In order to achieve this, government will take high-priority measures to restore investor confidence, improve institutional stability and restore the credibility of the criminal-justice system. This will hopefully demonstrate that the state has the political will to turn the country’s finances around.
Debt and spending
Ramaphosa revealed his plans to ensure that government avoids an unsustainable debt level. He will exercise fiscal discipline to ensure that resources are utilised for development, instead of servicing debt.
State of the economy
Ramaphosa promises that the transfer of ownership and control of the economy to black South Africans will be escalated under his plan and leadership. The government will investigate measures on how to make black economic empowerment more effective and sustainable. All of these attempts, in a bid to ensure that communities and workers attain greater benefit.

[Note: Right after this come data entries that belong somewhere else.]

(* In the setting of the context, let $\theta^*$ be an indifference index consistent with the inverse problem and $X^{m,s}$ a corresponding solution, and let $\hat R_{m,s}(x)=G(x,\theta^*(x))-\varphi_{m,s}(x)V(\theta^*(x))$ on $X^*(\Theta)$. If the function $R_{m,s}(x)=G(x,\theta^*(x))+\varphi_{m,s}(x)(R_{m,s}(X_0)-V(\theta^*(x)))$ solves $\frac12\frac{d}{dm}\frac{d}{ds}f=\rho f-c$, then so does $\hat R_{m,s}$.
   Context: Data: $\rho>0$, an interval $\Theta$, a differentiable $V:\Theta\to\mathbb{R}$, a twice continuously differentiable $G(x,\theta)$, a running reward $c(x)$, a starting point $X_0$. For a speed measure $m$ and strictly increasing continuous scale $s$, $X^{m,s}$ is the regular one-dimensional generalised diffusion with these characteristics on state space $I^m$ started at $X_0$ (either both endpoints non-reflecting, or started at a reflecting endpoint with the other non-reflecting); $\mathrm{int}(I^m)$ is the interior plus accessible boundary points. $X^{m,s}$ solves the inverse problem if $V_{X^{m,s}}(\theta):=\sup_\tau\mathbb{E}_{X_0}[\int_0^\tau e^{-\rho t}c(X^{m,s}_t)dt+e^{-\rho\tau}G(X^{m,s}_\tau,\theta)]=V(\theta)$ for all $\theta$ and the value is attained by stopping at the hitting time of a threshold $\ge X_0$. $\varphi_{m,s}$ is the increasing positive solution of $\frac12\frac{d}{dm}\frac{d}{ds}f=\rho f$ with $\varphi_{m,s}(X_0)=1$; $R_{m,s}(X_0)=\mathbb{E}_{X_0}[\int_0^\infty e^{-\rho t}c(X^{m,s}_t)dt]$. $X^*(\theta)=\arg\max_{x\in\mathrm{int}(I^m)}(G(x,\theta)-R_{m,s}(x))/\varphi_{m,s}(x)$ and $X^*(\Theta)=\bigcup_\theta X^*(\theta)$. An indifference index $\theta^*:I^m\to\Theta$ is consistent if for some solution $X^{m,s}$, $x^*=(\theta^* )^{-1}$ is an optimal threshold strategy, i.e. $x\in X^*(\theta^*(x))$. *)

theory Defs
  imports "HOL-Analysis.Analysis"
begin

text \<open>Generalised second-order equation  (1/2) d/dm d/ds f = g  on a set S,
  in integrated (Feller) form: f has an s-derivative Df with
  f y - f x = int_{(x,y]} Df ds  and  Df y - Df x = int_{(x,y]} 2 g dm  for x < y in S.
  The s-integral is taken w.r.t. the Lebesgue-Stieltjes measure of s.\<close>
definition gen_ode_solves ::
  "real measure \<Rightarrow> (real \<Rightarrow> real) \<Rightarrow> (real \<Rightarrow> real) \<Rightarrow> real set \<Rightarrow> (real \<Rightarrow> real) \<Rightarrow> bool" where
  "gen_ode_solves m s g S f \<longleftrightarrow>
     (\<exists>Df. \<forall>x\<in>S. \<forall>y\<in>S. x < y \<longrightarrow>
        set_integrable (interval_measure s) {x<..y} Df \<and>
        f y - f x = (LINT t:{x<..y}|interval_measure s. Df t) \<and>
        set_integrable m {x<..y} g \<and>
        Df y - Df x = 2 * (LINT t:{x<..y}|m. g t))"

definition Xstar ::
  "real set \<Rightarrow> (real \<Rightarrow> real \<Rightarrow> real) \<Rightarrow> (real \<Rightarrow> real) \<Rightarrow> (real \<Rightarrow> real) \<Rightarrow> real \<Rightarrow> real set" where
  "Xstar J G R \<phi> \<theta> = {x \<in> J. \<forall>y\<in>J. (G y \<theta> - R y) / \<phi> y \<le> (G x \<theta> - R x) / \<phi> x}"

end

theory Submission
  imports Defs
begin

text \<open>The equation is linear. Since phi solves the homogeneous equation
  (1/2) d/dm d/ds f = rho f on J, which contains X*(Theta), subtracting R(X0) phi from the given
  solution R of (1/2) d/dm d/ds f = rho f - c leaves a solution of the same equation, and
  R - R(X0) phi is exactly R-hat.\<close>

lemma gen_ode_solves_subset:
  assumes "gen_ode_solves m s g S f" and "T \<subseteq> S"
  shows "gen_ode_solves m s g T f"
  using assms unfolding gen_ode_solves_def by blast

lemma gen_ode_solves_cmult:
  assumes "gen_ode_solves m s g S f"
  shows "gen_ode_solves m s (\<lambda>x. k * g x) S (\<lambda>x. k * f x)"
proof -
  obtain Df where Df: "\<forall>x\<in>S. \<forall>y\<in>S. x < y \<longrightarrow>
        set_integrable (interval_measure s) {x<..y} Df \<and>
        f y - f x = (LINT t:{x<..y}|interval_measure s. Df t) \<and>
        set_integrable m {x<..y} g \<and>
        Df y - Df x = 2 * (LINT t:{x<..y}|m. g t)"
    using assms unfolding gen_ode_solves_def by blast
  show ?thesis
    unfolding gen_ode_solves_def
  proof (intro exI[of _ "\<lambda>t. k * Df t"] ballI impI conjI)
    fix x y assume "x \<in> S" "y \<in> S" "x < y"
    with Df have D: "set_integrable (interval_measure s) {x<..y} Df"
        "f y - f x = (LINT t:{x<..y}|interval_measure s. Df t)"
        "set_integrable m {x<..y} g" "Df y - Df x = 2 * (LINT t:{x<..y}|m. g t)"
      by auto
    show "set_integrable (interval_measure s) {x<..y} (\<lambda>t. k * Df t)"
      using D(1) by (rule set_integrable_mult_right)
    show "k * f y - k * f x = (LINT t:{x<..y}|interval_measure s. k * Df t)"
      using D(2) by (simp add: set_integral_mult_right right_diff_distrib[symmetric])
    show "set_integrable m {x<..y} (\<lambda>t. k * g t)"
      using D(3) by (rule set_integrable_mult_right)
    show "k * Df y - k * Df x = 2 * (LINT t:{x<..y}|m. k * g t)"
      using D(4) by (simp add: set_integral_mult_right right_diff_distrib[symmetric])
  qed
qed

lemma gen_ode_solves_diff:
  assumes "gen_ode_solves m s g1 S f1" and "gen_ode_solves m s g2 S f2"
  shows "gen_ode_solves m s (\<lambda>x. g1 x - g2 x) S (\<lambda>x. f1 x - f2 x)"
proof -
  obtain D1 where D1: "\<forall>x\<in>S. \<forall>y\<in>S. x < y \<longrightarrow>
        set_integrable (interval_measure s) {x<..y} D1 \<and>
        f1 y - f1 x = (LINT t:{x<..y}|interval_measure s. D1 t) \<and>
        set_integrable m {x<..y} g1 \<and>
        D1 y - D1 x = 2 * (LINT t:{x<..y}|m. g1 t)"
    using assms(1) unfolding gen_ode_solves_def by blast
  obtain D2 where D2: "\<forall>x\<in>S. \<forall>y\<in>S. x < y \<longrightarrow>
        set_integrable (interval_measure s) {x<..y} D2 \<and>
        f2 y - f2 x = (LINT t:{x<..y}|interval_measure s. D2 t) \<and>
        set_integrable m {x<..y} g2 \<and>
        D2 y - D2 x = 2 * (LINT t:{x<..y}|m. g2 t)"
    using assms(2) unfolding gen_ode_solves_def by blast
  show ?thesis
    unfolding gen_ode_solves_def
  proof (intro exI[of _ "\<lambda>t. D1 t - D2 t"] ballI impI conjI)
    fix x y assume xy: "x \<in> S" "y \<in> S" "x < y"
    from D1 xy have P: "set_integrable (interval_measure s) {x<..y} D1"
        "f1 y - f1 x = (LINT t:{x<..y}|interval_measure s. D1 t)"
        "set_integrable m {x<..y} g1" "D1 y - D1 x = 2 * (LINT t:{x<..y}|m. g1 t)"
      by auto
    from D2 xy have Q: "set_integrable (interval_measure s) {x<..y} D2"
        "f2 y - f2 x = (LINT t:{x<..y}|interval_measure s. D2 t)"
        "set_integrable m {x<..y} g2" "D2 y - D2 x = 2 * (LINT t:{x<..y}|m. g2 t)"
      by auto
    show "set_integrable (interval_measure s) {x<..y} (\<lambda>t. D1 t - D2 t)"
      using P(1) Q(1) by (rule set_integral_diff(1))
    show "f1 y - f2 y - (f1 x - f2 x) = (LINT t:{x<..y}|interval_measure s. D1 t - D2 t)"
      using P Q by simp
    show "set_integrable m {x<..y} (\<lambda>t. g1 t - g2 t)"
      using P(3) Q(3) by (rule set_integral_diff(1))
    show "D1 y - D2 y - (D1 x - D2 x) = 2 * (LINT t:{x<..y}|m. g1 t - g2 t)"
      using P Q by (simp add: algebra_simps)
  qed
qed

theorem lemma4p13:
  fixes \<rho> :: real and \<Theta> :: "real set" and V :: "real \<Rightarrow> real"
    and G :: "real \<Rightarrow> real \<Rightarrow> real" and c :: "real \<Rightarrow> real" and X0 :: real
    and m :: "real measure" and s :: "real \<Rightarrow> real" and J :: "real set"
    and \<phi> :: "real \<Rightarrow> real" and Rms :: "real \<Rightarrow> real" and \<theta>s :: "real \<Rightarrow> real"
  assumes rho: "\<rho> > 0"
    and Theta: "is_interval \<Theta>"
    and V_diff: "\<forall>\<theta>\<in>\<Theta>. V differentiable (at \<theta> within \<Theta>)"
    and m_sets: "sets m = sets borel"
    and s_mono: "strict_mono s" and s_cont: "continuous_on UNIV s"
    and J_int: "is_interval J" and X0_J: "X0 \<in> J"
    and phi_ode: "gen_ode_solves m s (\<lambda>x. \<rho> * \<phi> x) J \<phi>"
    and phi_pos: "\<forall>x\<in>J. \<phi> x > 0"
    and phi_mono: "mono_on J \<phi>"
    and phi_X0: "\<phi> X0 = 1"
    and theta_range: "\<theta>s ` J \<subseteq> \<Theta>"
    and consistent: "\<forall>x \<in> (\<Union>\<theta>\<in>\<Theta>. Xstar J G Rms \<phi> \<theta>). x \<in> Xstar J G Rms \<phi> (\<theta>s x)"
    and R_solves: "gen_ode_solves m s
         (\<lambda>x. \<rho> * (G x (\<theta>s x) + \<phi> x * (Rms X0 - V (\<theta>s x))) - c x)
         (\<Union>\<theta>\<in>\<Theta>. Xstar J G Rms \<phi> \<theta>)
         (\<lambda>x. G x (\<theta>s x) + \<phi> x * (Rms X0 - V (\<theta>s x)))"
  shows "gen_ode_solves m s
         (\<lambda>x. \<rho> * (G x (\<theta>s x) - \<phi> x * V (\<theta>s x)) - c x)
         (\<Union>\<theta>\<in>\<Theta>. Xstar J G Rms \<phi> \<theta>)
         (\<lambda>x. G x (\<theta>s x) - \<phi> x * V (\<theta>s x))"
proof -
  let ?k = "Rms X0"
  have "(\<Union>\<theta>\<in>\<Theta>. Xstar J G Rms \<phi> \<theta>) \<subseteq> J"
    unfolding Xstar_def by blast
  from gen_ode_solves_cmult[OF gen_ode_solves_subset[OF phi_ode this]]
  have "gen_ode_solves m s (\<lambda>x. ?k * (\<rho> * \<phi> x))
      (\<Union>\<theta>\<in>\<Theta>. Xstar J G Rms \<phi> \<theta>) (\<lambda>x. ?k * \<phi> x)" .
  then have "gen_ode_solves m s
      (\<lambda>x. \<rho> * (G x (\<theta>s x) + \<phi> x * (?k - V (\<theta>s x))) - c x - ?k * (\<rho> * \<phi> x))
      (\<Union>\<theta>\<in>\<Theta>. Xstar J G Rms \<phi> \<theta>)
      (\<lambda>x. G x (\<theta>s x) + \<phi> x * (?k - V (\<theta>s x)) - ?k * \<phi> x)"
    by (rule gen_ode_solves_diff[OF R_solves])
  moreover have "(\<lambda>x. \<rho> * (G x (\<theta>s x) + \<phi> x * (?k - V (\<theta>s x))) - c x - ?k * (\<rho> * \<phi> x))
      = (\<lambda>x. \<rho> * (G x (\<theta>s x) - \<phi> x * V (\<theta>s x)) - c x)"
       "(\<lambda>x. G x (\<theta>s x) + \<phi> x * (?k - V (\<theta>s x)) - ?k * \<phi> x)
      = (\<lambda>x. G x (\<theta>s x) - \<phi> x * V (\<theta>s x))"
    by (simp_all add: fun_eq_iff algebra_simps)
  ultimately show ?thesis
    by simp
qed

end
lemma centralizes_right:
  assumes \<alpha>: "\<alpha> \<in> Con A ar ops" and \<beta>: "\<beta> \<in> Con A ar ops"
  shows "centralizes ar ops \<alpha> \<beta> \<beta>"
  unfolding centralizes_def
proof (intro allI impI)
  fix n k t a b c d
  assume "wf_term ar t \<and> term_vars t \<subseteq> {..<n + k} \<and> (\<forall>i<n. (a i, b i) \<in> \<alpha>)
    \<and> (\<forall>j<k. (c j, d j) \<in> \<beta>)"
  then have t: "wf_term ar t" "term_vars t \<subseteq> {..<n + k}"
    and ab: "\<And>i. i < n \<Longrightarrow> (a i, b i) \<in> \<alpha>" and cd: "\<And>j. j < k \<Longrightarrow> (c j, d j) \<in> \<beta>"
    by blast+
  have aa: "(a i, a i) \<in> \<beta>" and bb: "(b i, b i) \<in> \<beta>" if "i < n" for i
    using ab[OF that] Con_subset[OF \<alpha>] Con_refl[OF \<beta>] by blast+
  have "(term_eval ops (join_asg n a c) t, term_eval ops (join_asg n a d) t) \<in> \<beta>"
    by (rule term_eval_join_asg_related[OF \<beta> t aa cd])
  moreover have "(term_eval ops (join_asg n b c) t, term_eval ops (join_asg n b d) t) \<in> \<beta>"
    by (rule term_eval_join_asg_related[OF \<beta> t bb cd])
  ultimately show "((term_eval ops (join_asg n a c) t, term_eval ops (join_asg n a d) t) \<in> \<beta>) =
      ((term_eval ops (join_asg n b c) t, term_eval ops (join_asg n b d) t) \<in> \<beta>)"
    by blast
qed

lemma commutator_le_left:
  "\<alpha> \<in> Con A ar ops \<Longrightarrow> \<beta> \<in> Con A ar ops \<Longrightarrow> commutator A ar ops \<alpha> \<beta> \<subseteq> \<alpha>"
  unfolding commutator_def using centralizes_left by blast

lemma commutator_le_right:
  "\<alpha> \<in> Con A ar ops \<Longrightarrow> \<beta> \<in> Con A ar ops \<Longrightarrow> commutator A ar ops \<alpha> \<beta> \<subseteq> \<beta>"
  unfolding commutator_def using centralizes_right by blast

lemma centralizes_antimono:
  assumes "centralizes ar ops \<alpha>' \<beta>' \<mu>" "\<alpha> \<subseteq> \<alpha>'" "\<beta> \<subseteq> \<beta>'"
  shows "centralizes ar ops \<alpha> \<beta> \<mu>"
  unfolding centralizes_def
proof (intro allI impI)
  fix n k t a b c d
  assume "wf_term ar t \<and> term_vars t \<subseteq> {..<n + k} \<and> (\<forall>i<n. (a i, b i) \<in> \<alpha>)
    \<and> (\<forall>j<k. (c j, d j) \<in> \<beta>)"
  with assms(2,3) have "wf_term ar t \<and> term_vars t \<subseteq> {..<n + k} \<and> (\<forall>i<n. (a i, b i) \<in> \<alpha>')
    \<and> (\<forall>j<k. (c j, d j) \<in> \<beta>')"
    by blast
  with assms(1) show "((term_eval ops (join_asg n a c) t, term_eval ops (join_asg n a d) t) \<in> \<mu>) =
      ((term_eval ops (join_asg n b c) t, term_eval ops (join_asg n b d) t) \<in> \<mu>)"
    unfolding centralizes_def by blast
qed

lemma commutator_mono:
  "\<alpha> \<subseteq> \<alpha>' \<Longrightarrow> \<beta> \<subseteq> \<beta>' \<Longrightarrow> commutator A ar ops \<alpha> \<beta> \<subseteq> commutator A ar ops \<alpha>' \<beta>'"
  unfolding commutator_def using centralizes_antimono by blast

lemma commutator_Con:
  assumes "\<alpha> \<in> Con A ar ops" "\<beta> \<in> Con A ar ops"
  shows "commutator A ar ops \<alpha> \<beta> \<in> Con A ar ops"
  unfolding commutator_def
proof (rule Con_Inter)
  show "{\<mu> \<in> Con A ar ops. centralizes ar ops \<alpha> \<beta> \<mu>} \<noteq> {}"
    using assms centralizes_left by blast
qed blast

lemma commutator_join_distrib:
  assumes "comm_join_distributive A ar ops"
    and "\<alpha> \<in> Con A ar ops" "\<beta> \<in> Con A ar ops" "\<gamma> \<in> Con A ar ops"
  shows "commutator A ar ops (con_join A ar ops \<alpha> \<beta>) \<gamma>
           = con_join A ar ops (commutator A ar ops \<alpha> \<gamma>) (commutator A ar ops \<beta> \<gamma>)"
    and "commutator A ar ops \<gamma> (con_join A ar ops \<alpha> \<beta>)
           = con_join A ar ops (commutator A ar ops \<gamma> \<alpha>) (commutator A ar ops \<gamma> \<beta>)"
  using assms unfolding comm_join_distributive_def by blast+

lemma commutator_con_join_le:
  assumes alg: "is_algebra A ar ops" and dist: "comm_join_distributive A ar ops"
    and \<psi>: "\<psi> \<in> Con A ar ops" and \<alpha>: "\<alpha> \<in> Con A ar ops" and \<beta>: "\<beta> \<in> Con A ar ops"
  shows "commutator A ar ops (con_join A ar ops \<psi> \<alpha>) (con_join A ar ops \<psi> \<beta>)
           \<subseteq> con_join A ar ops \<psi> (commutator A ar ops \<alpha> \<beta>)"
proof -
  let ?J = "con_join A ar ops \<psi> (commutator A ar ops \<alpha> \<beta>)"
  have \<psi>\<beta>: "con_join A ar ops \<psi> \<beta> \<in> Con A ar ops" by (rule con_join_Con[OF alg \<psi> \<beta>])
  have J: "?J \<in> Con A ar ops" by (rule con_join_Con[OF alg \<psi> commutator_Con[OF \<alpha> \<beta>]])
  have "\<psi> \<subseteq> ?J" "commutator A ar ops \<alpha> \<beta> \<subseteq> ?J"
    using con_join_upper by blast+
  then have "commutator A ar ops \<psi> (con_join A ar ops \<psi> \<beta>) \<subseteq> ?J"
    and "commutator A ar ops \<alpha> (con_join A ar ops \<psi> \<beta>) \<subseteq> ?J"
    using commutator_le_left[OF \<psi> \<psi>\<beta>] commutator_le_right[OF \<alpha> \<psi>]
      commutator_join_distrib(2)[OF dist \<psi> \<beta> \<alpha>] con_join_least[OF J]
    by auto
  then show ?thesis
    using commutator_join_distrib(1)[OF dist \<psi> \<alpha> \<psi>\<beta>] con_join_least[OF J] by simp
qed

lemma m_system_subset: "m_system A ar ops S \<Longrightarrow> S \<subseteq> A \<times> A"
  unfolding m_system_def by blast
(* Consider the two-species symmetric simple exclusion process on $\mathbb{Z}$ (i.e. $p=q=1/2$) with $N-1$ first-class particles and one second-class particle, started from integer positions $y_1<\cdots<y_N$ where the particle at $y_N$ is the second-class particle. Let $\eta(t)$ be the position of the second-class particle at time $t\ge0$. Then for every $x\in\mathbb{Z}$, \[ \mathbb{P}(\eta(t)=x)=\frac{1}{2\pi i}\oint_c \xi^{x-y_N-1}e^{\left(\frac{1}{2\xi}+\frac{\xi}{2}-1\right)t}\,d\xi, \] where $c$ is a counterclockwise circle centered at the origin of small radius.
   Context: Dynamics: each particle independently waits an exponential time with parameter $1$, then attempts to jump one step to the right or to the left, each with probability $1/2$. A jump to an empty site is performed; a first-class particle attempting to jump onto the site of the second-class particle exchanges positions with it; all other jumps onto occupied sites are suppressed. *)

theory Defs
  imports "HOL-Probability.Probability" "HOL-Complex_Analysis.Complex_Analysis"
begin

text \<open>Configuration of the two-species exclusion process on the integers:
  the (finite) set of sites occupied by first-class particles, and the site
  of the second-class particle.\<close>
type_synonym config = "int set \<times> int"

definition step :: "config \<Rightarrow> int \<Rightarrow> int \<Rightarrow> config" where
  "step c z d = (let A = fst c; s = snd c in
     if z \<in> A then
       (if z + d = s then (insert s (A - {z}), z)
        else if z + d \<in> A then (A, s)
        else (insert (z + d) (A - {z}), s))
     else if z = s then
       (if z + d \<in> A then (A, s) else (A, z + d))
     else (A, s))"

definition jump_kernel :: "config \<Rightarrow> config pmf" where
  "jump_kernel c =
     pmf_of_set (insert (snd c) (fst c)) \<bind>
       (\<lambda>z. pmf_of_set {-1, 1::int} \<bind> (\<lambda>d. return_pmf (step c z d)))"

primrec n_steps :: "nat \<Rightarrow> config \<Rightarrow> config pmf" where
  "n_steps 0 c = return_pmf c"
| "n_steps (Suc n) c = n_steps n c \<bind> jump_kernel"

Competition in the banking industry will also be promoted. This will broaden access to financing and consider establishing a new fund backed by investors, lenders and private companies to small and medium sized businesses (SME’s).
Cost of doing business
The cost of doing business will be reviewed to make them more convenient. Energy prices will be more regulated and port tariffs will be reviewed. Infrastructure will be improved.
There will also be a R1.5 trillion spend injection on new roads, power stations, ports and other capital projects over five years.
A presidential panel will drive the implementation of large projects, reduce costs and root out corruption.
Ramaphosa’s plan would arrange for government to work with teacher unions to improve the quality of schooling, especially in township and rural areas. Additional training and support will also be given to teachers. However, mathematics and science may be compulsory until matric.
The state would also take steps to provide free tertiary education to the poor.
Management of state companies
State companies will be properly governed, managed and operated for the benefit of the public. These companies will also ensure that suitable boards and executives with the necessary skills and qualifications are appointed.
The government will consider forming a company to manage all its investments in state-owned enterprises.
Clamp down on graft
A judicial commission of inquiry will be established to investigate allegations that public institutions have been looted and that private companies and individuals have gained undue influence over the state.
Law-enforcement agencies will be strengthened and critical state institutions will be rebuilt. Officials who have facilitated or been involved in graft will be immediately be removed from their posts and face prosecution.
Stolen funds will be recovered and deposited in a special fund that will be used for youth training and employment.
Meanwhile, The South African Federation of Trade Unions (Saftu) expressed their discontent of Ramaphosa's victory.
According to Saftu, the poor and working class have "no reason to celebrate" Ramaphosa's election as the new ANC leader.
This comes after Saftu Acting Spokesperson, Patrick Craven said on Monday that his federation of unions "has no confidence in new ANC leadership".
"None of the major problems facing the majority of South Africans will be any closer to a solution as the leadership is placed in the hands of a multi-billionaire who has been reported at one stage to be sitting on boards of over 100 private companies".
"The immediate positive response of the money markets and business leaders is a clear indication of who will be celebrating today. Big business has one of their own at the head of the ruling party. They will see more of the same market-friendly economic policies as the National Development Plan which he has championed", said Craven.
Despite Saftu's concerns, the rand responded well to the change in leadership.
The rand responded well strengthening against the US dollar the election of the 65-year-old former union leader and businessman. At the close of business on Monday the rand was trading 2.6% firmer at 12.75/dollar as of 1749 GMT.
Craven said that although the strengthening rand may soften ratings agencies decision to downgrade the economy to junk status, this does not convince workers that more jobs will materialise and a more equal society as a whole.